== Directions for this task ==
Restate word for word the entries below, starting with the line with "For \<open>n = 2\<^sup>v\<close>" and continuing through the line with "and since \<open>(s". Include both of those lines and no others.

== Records supplied ==
Segment Open

(* Let $n,l\ge 1$, $\sigma_x>0$, $\sigma_\eta>0$, $\hat{\mu}\ge 0$. Let $x_{i,1},x_{i,2},\ldots\in\mathbb{R}^n$ and $\eta_{i,1},\eta_{i,2},\ldots\in\mathbb{R}^l$ be mutually independent Gaussian random vectors with $x_{i,j}\sim\mathcal{N}(\mu_{i,j},\sigma_x^2I_n)$ and $\eta_{i,j}\sim\mathcal{N}(0,\sigma_\eta^2 I_l)$, where the means $\mu_{i,j}\in\mathbb{R}^n$ are deterministic with $\|\mu_{i,j}\|\le\hat{\mu}$ for all $j$. Fix $\delta>0$ and let $t\ge t_3=2(n+l)\log\frac{1}{\delta}$. Then with probability at least $1-2\delta$, $$\Big\|\sum_{j=1}^t\eta_{i,j}x_{i,j}^*\Big\|\le\sqrt{t}\,\sigma_\eta\left(4\sigma_x\sqrt{(n+l)\log\tfrac{9}{\delta}}+\hat{\mu}\Big(\sqrt{2(l+n)}+\sqrt{2\log\tfrac{2}{\delta}}\Big)\right).$$
   Context: $\|\cdot\|$ denotes the spectral norm and $A^*$ the (conjugate) transpose. $\mathcal{N}(\mu,\sigma^2 I)$ is the Gaussian distribution with mean $\mu$ and covariance $\sigma^2 I$. *)

theory Defs
  imports "HOL-Probability.Probability"
begin

definition iso_gauss_density :: "('n::finite) itself \<Rightarrow> real ^ 'n \<Rightarrow> real \<Rightarrow> real ^ 'n \<Rightarrow> real" where
  "iso_gauss_density _ mu s x =
     (1 / sqrt (2 * pi * s\<^sup>2)) ^ CARD('n) * exp (- (norm (x - mu))\<^sup>2 / (2 * s\<^sup>2))"

definition outer :: "real ^ 'l \<Rightarrow> real ^ 'n \<Rightarrow> real ^ 'n ^ 'l" where
  "outer e v = (\<chi> a b. e $ a * v $ b)"

definition spec_norm :: "real ^ 'n ^ 'l \<Rightarrow> real" where
  "spec_norm A = onorm (\<lambda>v. A *v v)"

end

theory Submission
  imports Defs
begin

text \<open>Write the sum as \<open>S\<^sub>0 + S\<^sub>\<mu>\<close> with \<open>S\<^sub>0 = \<Sum> \<eta>\<^sub>j (x\<^sub>j - \<mu>\<^sub>j)\<^sup>*\<close> and
  \<open>S\<^sub>\<mu> = \<Sum> \<eta>\<^sub>j \<mu>\<^sub>j\<^sup>*\<close>. For fixed unit vectors \<open>u, v\<close>, \<open>u\<^sup>* S\<^sub>0 v\<close> is a sum of \<open>t\<close>
  independent products of independent centred Gaussians, each with moment generating function
  \<open>1 / sqrt (1 - \<lambda>\<^sup>2 \<sigma>\<^sub>x\<^sup>2 \<sigma>\<^sub>\<eta>\<^sup>2)\<close>. The norm of \<open>S\<^sub>0\<close> is at most twice the maximum of
  \<open>u\<^sup>* S\<^sub>0 v\<close> over \<open>1/4\<close>-nets of the two unit spheres, which have at most \<open>9\<^sup>l\<close> and \<open>9\<^sup>n\<close>
  points, so a Chernoff bound with a suitable \<open>\<lambda>\<close> and a union bound give the first term of the
  bound except with probability \<open>1.9 \<delta>\<close>. The columns of \<open>S\<^sub>\<mu>\<close> are centred Gaussian vectors
  in \<open>\<real>\<^sup>l\<close>; bounding the spectral norm by the Frobenius norm, a chi-square type Chernoff
  bound gives the second term except with probability \<open>\<delta>/10\<close>.\<close>

section \<open>Gaussian integrals\<close>

lemma iso_gauss_density_nonneg: "0 \<le> iso_gauss_density TYPE('n::finite) m s x"
  by (simp add: iso_gauss_density_def)

lemma borel_measurable_iso_gauss_density[measurable]:
  "iso_gauss_density TYPE('n::finite) m s \<in> borel_measurable borel"
  unfolding iso_gauss_density_def[abs_def] by measurable

lemma nn_integral_iso_gauss_density_shift:
  fixes h :: "real ^ 'n::finite \<Rightarrow> ennreal"
  assumes [measurable]: "h \<in> borel_measurable borel"
  shows "(\<integral>\<^sup>+a. ennreal (iso_gauss_density TYPE('n) m s a) * h (a - m) \<partial>lborel)
       = (\<integral>\<^sup>+a. ennreal (iso_gauss_density TYPE('n) 0 s a) * h a \<partial>lborel)"
proof -
  have "(\<integral>\<^sup>+a. ennreal (iso_gauss_density TYPE('n) m s a) * h (a - m) \<partial>lborel)
     = (\<integral>\<^sup>+a. ennreal (iso_gauss_density TYPE('n) m s a) * h (a - m) \<partial>(distr lborel borel ((+) m)))"
    by (simp add: lborel_distr_plus)
  also have "\<dots> = (\<integral>\<^sup>+a. ennreal (iso_gauss_density TYPE('n) m s (m + a)) * h (m + a - m) \<partial>lborel)"
    by (subst nn_integral_distr) auto
  also have "\<dots> = (\<integral>\<^sup>+a. ennreal (iso_gauss_density TYPE('n) 0 s a) * h a \<partial>lborel)"
    by (simp add: iso_gauss_density_def)
  finally show ?thesis .
qed
(* Let $(X,d,\ll,\le,\tau)$ be a Lorentzian length space. Then for every $x\in X$, $\overline{I^+(x)}=\{y\in X: I^+(y)\subset I^+(x)\}$ and $\overline{I^-(x)}=\{y\in X: I^-(y)\subset I^-(x)\}$, where closures are taken in the topology of $d$.
   Context: A causal space $(X,\ll,\le)$ is a set $X$ with two transitive relations $\ll,\le$ such that $\le$ is reflexive and $x\ll y\Rightarrow x\le y$; write $p<q$ if $p\le q$ and $p\neq q$. Set $I^+(x)=\{y: x\ll y\}$, $I^-(x)=\{y: y\ll x\}$, $J^+(x)=\{y:x\le y\}$, $J^-(x)=\{y:y\le x\}$. A Lorentzian pre-length space $(X,d,\ll,\le,\tau)$ is a causal space together with a metric $d$ on $X$ and a function $\tau:X\times X\to[0,\infty]$ that is lower semicontinuous with respect to the topology of $d$, satisfies $\tau(x,z)\ge\tau(x,y)+\tau(y,z)$ whenever $x\le y\le z$, $\tau(x,y)=0$ if $x\not\le y$, and $\tau(x,y)>0\iff x\ll y$. All topological notions refer to the metric topology of $d$. A future directed causal (resp. timelike) curve is a non-constant Lipschitz map $\gamma:I\to X$ ($I\subset\mathbb R$ an interval) with $\gamma(s)\le\gamma(t)$ (resp. $\gamma(s)\ll\gamma(t)$) for all $s<t$. For a future directed causal $\gamma:[a,b]\to X$, $L_\tau(\gamma)=\inf\sum_{i=0}^{N-1}\tau(\gamma(t_i),\gamma(t_{i+1}))$ over all partitions $a=t_0<\dots<t_N=b$. The space is causally path connected if whenever $x\le y$ (resp. $x\ll y$) there is a future directed causal (resp. timelike) curve from $x$ to $y$. For open $U\subset X$, $p\le_U q$ means there is a future directed causal curve from $p$ to $q$ with image in $U$. A neighborhood $U$ is causally closed if whenever $p_n\le_U q_n$ with $p_n\to p\in U$, $q_n\to q\in U$, then $p\le_U q$; the space is locally causally closed if every point has a causally closed neighborhood. The space is localizable if every $x$ has a neighborhood $\Omega_x$ such that: (i) all causal curves contained in $\Omega_x$ have uniformly bounded $d$-length; (ii) there is a continuous $\omega_x:\Omega_x\times\Omega_x\to[0,\infty)$ such that $(\Omega_x,d|_{\Omega_x\times\Omega_x},\ll|_{\Omega_x},\le|_{\Omega_x},\omega_x)$ is a Lorentzian pre-length space, and $I^\pm(y)\cap\Omega_x\ne\emptyset$ for every $y\in\Omega_x$; (iii) for all $p,q\in\Omega_x$ with $p<q$ there is a future causal curve $\gamma_{p,q}$ from $p$ to $q$ with $L_\tau(\gamma_{p,q})\ge L_\tau(\gamma)$ for every future causal curve $\gamma\subset\Omega_x$ from $p$ to $q$, and $L_\tau(\gamma_{p,q})=\omega_x(p,q)$. A Lorentzian length space is a causally path connected, locally causally closed, localizable Lorentzian pre-length space with $\tau(x,y)=\sup\{L_\tau(\gamma):\gamma$ a future causal curve from $x$ to $y\}$. *)

theory Defs
  imports "HOL-Analysis.Analysis"
begin

text \<open>The ambient set X is a type 'a of class metric_space; the metric d is dist.
  Relations are binary predicates: ll = timelike relation, le = causal relation.
  The time separation tau takes values in [0,\<infinity>] = ennreal.\<close>

definition causal_space_on :: "'a set \<Rightarrow> ('a \<Rightarrow> 'a \<Rightarrow> bool) \<Rightarrow> ('a \<Rightarrow> 'a \<Rightarrow> bool) \<Rightarrow> bool" where
  "causal_space_on S ll le \<longleftrightarrow>
     (\<forall>x\<in>S. \<forall>y\<in>S. \<forall>z\<in>S. ll x y \<longrightarrow> ll y z \<longrightarrow> ll x z) \<and>
     (\<forall>x\<in>S. \<forall>y\<in>S. \<forall>z\<in>S. le x y \<longrightarrow> le y z \<longrightarrow> le x z) \<and>
     (\<forall>x\<in>S. le x x) \<and>
     (\<forall>x\<in>S. \<forall>y\<in>S. ll x y \<longrightarrow> le x y)"

definition lsc_on :: "'b::topological_space set \<Rightarrow> ('b \<Rightarrow> ennreal) \<Rightarrow> bool" where
  "lsc_on S f \<longleftrightarrow> (\<forall>p\<in>S. \<forall>c. c < f p \<longrightarrow> (\<forall>\<^sub>F q in at p within S. c < f q))"

definition lpls_on :: "'a::metric_space set \<Rightarrow> ('a \<Rightarrow> 'a \<Rightarrow> bool) \<Rightarrow> ('a \<Rightarrow> 'a \<Rightarrow> bool)
    \<Rightarrow> ('a \<Rightarrow> 'a \<Rightarrow> ennreal) \<Rightarrow> bool" where
  "lpls_on S ll le tau \<longleftrightarrow>
     causal_space_on S ll le \<and>
     lsc_on (S \<times> S) (\<lambda>(x, y). tau x y) \<and>
     (\<forall>x\<in>S. \<forall>y\<in>S. \<forall>z\<in>S. le x y \<longrightarrow> le y z \<longrightarrow> tau x y + tau y z \<le> tau x z) \<and>
     (\<forall>x\<in>S. \<forall>y\<in>S. \<not> le x y \<longrightarrow> tau x y = 0) \<and>
     (\<forall>x\<in>S. \<forall>y\<in>S. 0 < tau x y \<longleftrightarrow> ll x y)"
text \<open>For non-negative coefficients the double series defining the composition may be
  summed in either order.\<close>
lemma sums_fps_compose_nonneg:
  fixes F G :: "real fps"
  assumes F: "nonneg_fps F" and G: "nonneg_fps G" "G $ 0 = 0" and y: "0 \<le> y"
    and g: "(\<lambda>n. G $ n * y ^ n) sums g" and f: "(\<lambda>k. F $ k * g ^ k) sums f"
  shows "(\<lambda>n. (F oo G) $ n * y ^ n) sums f"
proof -
  define t where "t = (\<lambda>(k, n). F $ k * (G ^ k) $ n * y ^ n)"
  have t_nonneg: "0 \<le> t (k, n)" for k n
    using F nonneg_fps_power[OF G(1), of k] y by (simp add: t_def nonneg_fps_def)
  have g_nonneg: "0 \<le> g"
    using sums_le[OF _ sums_zero g] G(1) y by (simp add: nonneg_fps_def)
  have rows: "((\<lambda>n. t (k, n)) has_sum (F $ k * g ^ k)) UNIV" for k
    using sums_mult[OF sums_fps_power_nonneg[OF G(1) y g, of k], of "F $ k"] t_nonneg
    by (intro sums_nonneg_imp_has_sum) (simp_all add: t_def algebra_simps)
  have total: "((\<lambda>k. F $ k * g ^ k) has_sum f) UNIV"
    using F g_nonneg by (intro sums_nonneg_imp_has_sum[OF f]) (simp add: nonneg_fps_def)
  have "t summable_on UNIV \<times> UNIV"
    using summable_on_SigmaI[where f = t, OF rows has_sum_imp_summable[OF total] t_nonneg] by simp
  then have "(t has_sum f) (UNIV \<times> UNIV)"
    by (rule has_sum_SigmaI[OF rows total])
  then have "((\<lambda>(n, k). t (k, n)) has_sum f) (UNIV \<times> UNIV)"
    using has_sum_swap[of t UNIV UNIV f] by simp
  moreover have "((\<lambda>k. t (k, n)) has_sum ((F oo G) $ n * y ^ n)) UNIV" for n
  proof -
    have "t (k, n) = 0" if "k \<notin> {0..n}" for k
      using startsby_zero_power_prefix[OF G(2), of k] that by (simp add: t_def)
    then have "((\<lambda>k. t (k, n)) has_sum (\<Sum>k=0..n. t (k, n))) UNIV"
      using has_sum_cong_neutral[of UNIV "{0..n}" "\<lambda>k. t (k, n)" "\<lambda>k. t (k, n)"]
        has_sum_finite[of "{0..n}" "\<lambda>k. t (k, n)"] by auto
    then show ?thesis
      by (simp add: t_def fps_compose_nth sum_distrib_right)
  qed
  ultimately have "((\<lambda>n. (F oo G) $ n * y ^ n) has_sum f) UNIV"
    using has_sum_SigmaD[where f = "\<lambda>(n, k). t (k, n)" and A = UNIV and B = "\<lambda>_. UNIV"] by simp
  then show ?thesis
    by (rule has_sum_imp_sums)
qed
(* Let $q$ be a prime power and $n=2^v$ with $v\ge0$ and $\gcd(q,n)=1$. The following are equivalent: (i) Type-I duadic splittings of $\mathbb{Z}_{2^v}$ exist; (ii) Type-I duadic splittings of $\mathbb{Z}_{2^v}$ given by some $q$-translation exist; (iii) $0<v<2\,\nu_2(q-1)$. If these hold, there is an integer $u$ with $\max\{0,v-\nu_2(q-1)\}\le u<\min\{v,\nu_2(q-1)\}$, and for such $u$, $\tau_{2^u}$ is a $q$-translation of $\mathbb{Z}_{2^v}$ (i.e. $q2^u\equiv2^u\pmod{2^v}$) and Type-I duadic splittings of $\mathbb{Z}_{2^v}$ given by $\tau_{2^u}$ exist.
   Context: $\mathbb{Z}_n=\mathbb{Z}/n\mathbb{Z}$, $\mathbb{Z}_n^*$ its units. $\mu_q:i\mapsto qi\bmod n$; a subset $P\subseteq\mathbb{Z}_n$ is $\mu_q$-invariant if $\mu_q(P)=P$. For $s\in\mathbb{Z}_n^*$, $t\in\mathbb{Z}_n$ with $qt\equiv t\pmod n$: $\rho_{s,t}:i\mapsto s(i+t)\bmod n$, and $\tau_t=\rho_{1,t}$ is a $q$-translation. Type-I duadic splittings of $\mathbb{Z}_n$ given by $\rho_{s,t}$ exist if there is a $\mu_q$-invariant $P$ with $\mathbb{Z}_n=P\cup\rho_{s,t}(P)$ a disjoint union; Type-I duadic splittings of $\mathbb{Z}_n$ exist if this holds for some such $s,t$. $\nu_2$ is the $2$-adic valuation, $\nu_2(0)=\infty$. *)

theory Defs
  imports "HOL-Number_Theory.Number_Theory"
begin

text \<open>Z_n is represented by the residues {0..<n} (n > 0); all maps are taken mod n.\<close>

definition mu :: "nat \<Rightarrow> nat \<Rightarrow> nat \<Rightarrow> nat" where
  "mu n q i = (q * i) mod n"

definition mu_invariant :: "nat \<Rightarrow> nat \<Rightarrow> nat set \<Rightarrow> bool" where
  "mu_invariant n q P \<longleftrightarrow> mu n q ` P = P"

definition rho :: "nat \<Rightarrow> nat \<Rightarrow> nat \<Rightarrow> nat \<Rightarrow> nat" where
  "rho n s t i = (s * (i + t)) mod n"

definition admissible :: "nat \<Rightarrow> nat \<Rightarrow> nat \<Rightarrow> nat \<Rightarrow> bool" where
  "admissible n q s t \<longleftrightarrow> s < n \<and> coprime s n \<and> t < n \<and> [q * t = t] (mod n)"

definition typeI_splitting_given_by :: "nat \<Rightarrow> nat \<Rightarrow> nat \<Rightarrow> nat \<Rightarrow> bool" where
  "typeI_splitting_given_by n q s t \<longleftrightarrow> admissible n q s t \<and>
     (\<exists>P. P \<subseteq> {0..<n} \<and> mu_invariant n q P \<and>
          P \<union> rho n s t ` P = {0..<n} \<and> P \<inter> rho n s t ` P = {})"

definition typeI_splitting_exists :: "nat \<Rightarrow> nat \<Rightarrow> bool" where
  "typeI_splitting_exists n q \<longleftrightarrow> (\<exists>s t. typeI_splitting_given_by n q s t)"

definition typeI_splitting_by_translation :: "nat \<Rightarrow> nat \<Rightarrow> bool" where
  "typeI_splitting_by_translation n q \<longleftrightarrow> (\<exists>t. typeI_splitting_given_by n q 1 t)"

end

theory Submission
  imports Defs
begin

text \<open>
  Write \<open>k = \<nu>\<^sub>2(q - 1)\<close>. If \<open>P\<close> and \<open>\<rho>(P)\<close> partition \<open>\<int>\<^sub>n\<close>, then, as \<open>\<mu>\<^sub>q\<close>
  preserves \<open>P\<close> and commutes with \<open>\<rho>\<close>, no \<open>i\<close> satisfies \<open>\<rho>(i) = i\<close> or \<open>\<rho>(i) = qi\<close>.
  For \<open>n = 2\<^sup>v\<close> with \<open>v \<ge> 2k\<close> such an \<open>i\<close> always exists: \<open>qt \<equiv> t\<close> forces \<open>2\<^sup>k | t\<close>,
  and since \<open>(s - 1) - (s - q) = q - 1\<close> has valuation exactly \<open>k\<close>, one of \<open>s - 1\<close>,
  \<open>s - q\<close> has valuation at most \<open>k\<close>, which makes \<open>s(x + t) \<equiv> x\<close> or \<open>s(x + t) \<equiv> qx\<close>
  solvable. Conversely, for \<open>v - k \<le> u < min v k\<close>, multiplication by
  \<open>q \<equiv> 1 (mod 2\<^sup>u\<^sup>+\<^sup>1)\<close> preserves bit \<open>u\<close> of every residue while translation by \<open>2\<^sup>u\<close>
  flips it, so the residues with bit \<open>u\<close> clear form the required \<open>P\<close>.
\<close>

lemma prime_power_dvd_cofactor:
  fixes a t p :: "'a :: factorial_semiring"
  assumes "prime p" "a \<noteq> 0" "p ^ v dvd a * t"
  shows "p ^ (v - multiplicity p a) dvd t"
proof (cases "t = 0")
  case False
  have "v \<le> multiplicity p (a * t)"
    using assms False by (intro multiplicity_geI) auto
  also have "\<dots> = multiplicity p a + multiplicity p t"
    using assms False by (intro prime_elem_multiplicity_mult_distrib) auto
  finally show ?thesis by (intro multiplicity_dvd') simp
qed simp

lemma gcd_prime_power_dvd:
  fixes c p :: int
  assumes "prime p" "\<not> p ^ Suc k dvd c"
  shows "gcd c (p ^ v) dvd p ^ k"
proof -
  obtain m where "m \<le> v" and g: "gcd c (p ^ v) = p ^ m"
    using divides_primepow[OF assms(1), of "gcd c (p ^ v)" v] by auto
  have "m \<le> k"
  proof (rule ccontr)
    assume "\<not> m \<le> k"
    then have "p ^ Suc k dvd p ^ m" by (intro le_imp_power_dvd) simp
    also have "p ^ m dvd c" by (metis g gcd_dvd1)
    finally show False using assms(2) by contradiction
  qed
  then show ?thesis by (simp add: g le_imp_power_dvd)
qed

lemma cong_affine_solvable:
  fixes a b c p :: int
  assumes "prime p" "\<not> p ^ Suc k dvd b - a" "p ^ k dvd c"
  shows "\<exists>x. [a * (x + c) = b * x] (mod p ^ v)"
proof -
  have "gcd (b - a) (p ^ v) dvd a * c"
    using gcd_prime_power_dvd[OF assms(1,2)] assms(3) by (blast intro: dvd_trans dvd_mult)
  then obtain x where "[(b - a) * x = a * c] (mod p ^ v)"
    using cong_solve_dvd_int by blast
  then have "[(b - a) * x + a * x = a * c + a * x] (mod p ^ v)"
    by (rule cong_add) (rule cong_refl)
  then show ?thesis by (auto simp: algebra_simps cong_sym_eq)
qed

lemma bit_mod_pow2: "u < v \<Longrightarrow> bit ((x::nat) mod 2 ^ v) u \<longleftrightarrow> bit x u"
  by (metis bit_take_bit_iff take_bit_eq_mod)

lemma bit_eq_of_cong_pow2:
  fixes a b :: nat
  assumes "[a = b] (mod 2 ^ Suc u)"
  shows "bit a u \<longleftrightarrow> bit b u"
  using assms bit_mod_pow2[of u "Suc u"] unfolding cong_def by (metis lessI)

lemma bit_add_pow2_self: "bit ((x::nat) + 2 ^ u) u \<longleftrightarrow> \<not> bit x u"
  by (simp add: bit_iff_odd)

lemma image_eq_diff_of_swap:
  assumes "f ` X = X" "P \<subseteq> X" "f ` P \<subseteq> X - P" "f ` (X - P) \<subseteq> P"
  shows "f ` P = X - P"
  using assms by blast

lemma disjoint_image_split_no_agreement:
  assumes split: "P \<union> r ` P = X" "P \<inter> r ` P = {}" and inj: "inj_on r X"
    and g_P: "g ` P \<subseteq> P" and g_X: "g ` X \<subseteq> X"
    and comm: "\<And>x. x \<in> X \<Longrightarrow> r (g x) = g (r x)"
    and "i \<in> X"
  shows "r i \<noteq> g i"
proof
  assume eq: "r i = g i"
  show False
  proof (cases "i \<in> P")
    case True
    then have "g i \<in> P" "g i \<in> r ` P" using g_P by (auto simp flip: eq)
    then show False using split(2) by blast
  next
    case False
    then obtain p where p: "p \<in> P" "i = r p" using \<open>i \<in> X\<close> split(1) by auto
    have "p \<in> X" using p(1) split(1) by blast
    have "r (g p) = r i" using comm[OF \<open>p \<in> X\<close>] eq p(2) by simp
    then have "g p = i" using inj g_X \<open>p \<in> X\<close> \<open>i \<in> X\<close> by (auto dest: inj_onD)
    then show False using g_P p(1) False by blast
  qed
qed

lemma inj_on_rho:
  assumes "coprime s n"
  shows "inj_on (rho n s t) {0..<n}"
proof
  fix x y assume "x \<in> {0..<n}" "y \<in> {0..<n}" "rho n s t x = rho n s t y"
  moreover from this have "[x + t = y + t] (mod n)"
    using assms cong_mult_lcancel_nat unfolding rho_def cong_def by blast
  then have "[x = y] (mod n)" by (simp only: cong_add_rcancel_nat)
  ultimately show "x = y" by (simp add: cong_def)
qed

lemma mu_eq_rho: "mu n q = rho n q 0"
  by (simp add: fun_eq_iff mu_def rho_def)

lemma rho_mu_commute:
  assumes "[q * t = t] (mod n)"
  shows "rho n s t (mu n q x) = mu n q (rho n s t x)"
proof -
  have "[s * ((q * x) mod n + t) = s * (q * x + q * t)] (mod n)"
    using assms by (intro cong_scalar_left cong_add) (auto simp: cong_def)
  also have "s * (q * x + q * t) = q * (s * (x + t))" by (simp add: algebra_simps)
  also have "[\<dots> = q * ((s * (x + t)) mod n)] (mod n)"
    by (simp add: cong_def mod_mult_right_eq)
  finally show ?thesis unfolding rho_def mu_def cong_def .
qed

Segment Closed

== Output for this exercise ==
  For \<open>n = 2\<^sup>v\<close> with \<open>v \<ge> 2k\<close> such an \<open>i\<close> always exists: \<open>qt \<equiv> t\<close> forces \<open>2\<^sup>k | t\<close>,
  and since \<open>(s - 1) - (s - q) = q - 1\<close> has valuation exactly \<open>k\<close>, one of \<open>s - 1\<close>,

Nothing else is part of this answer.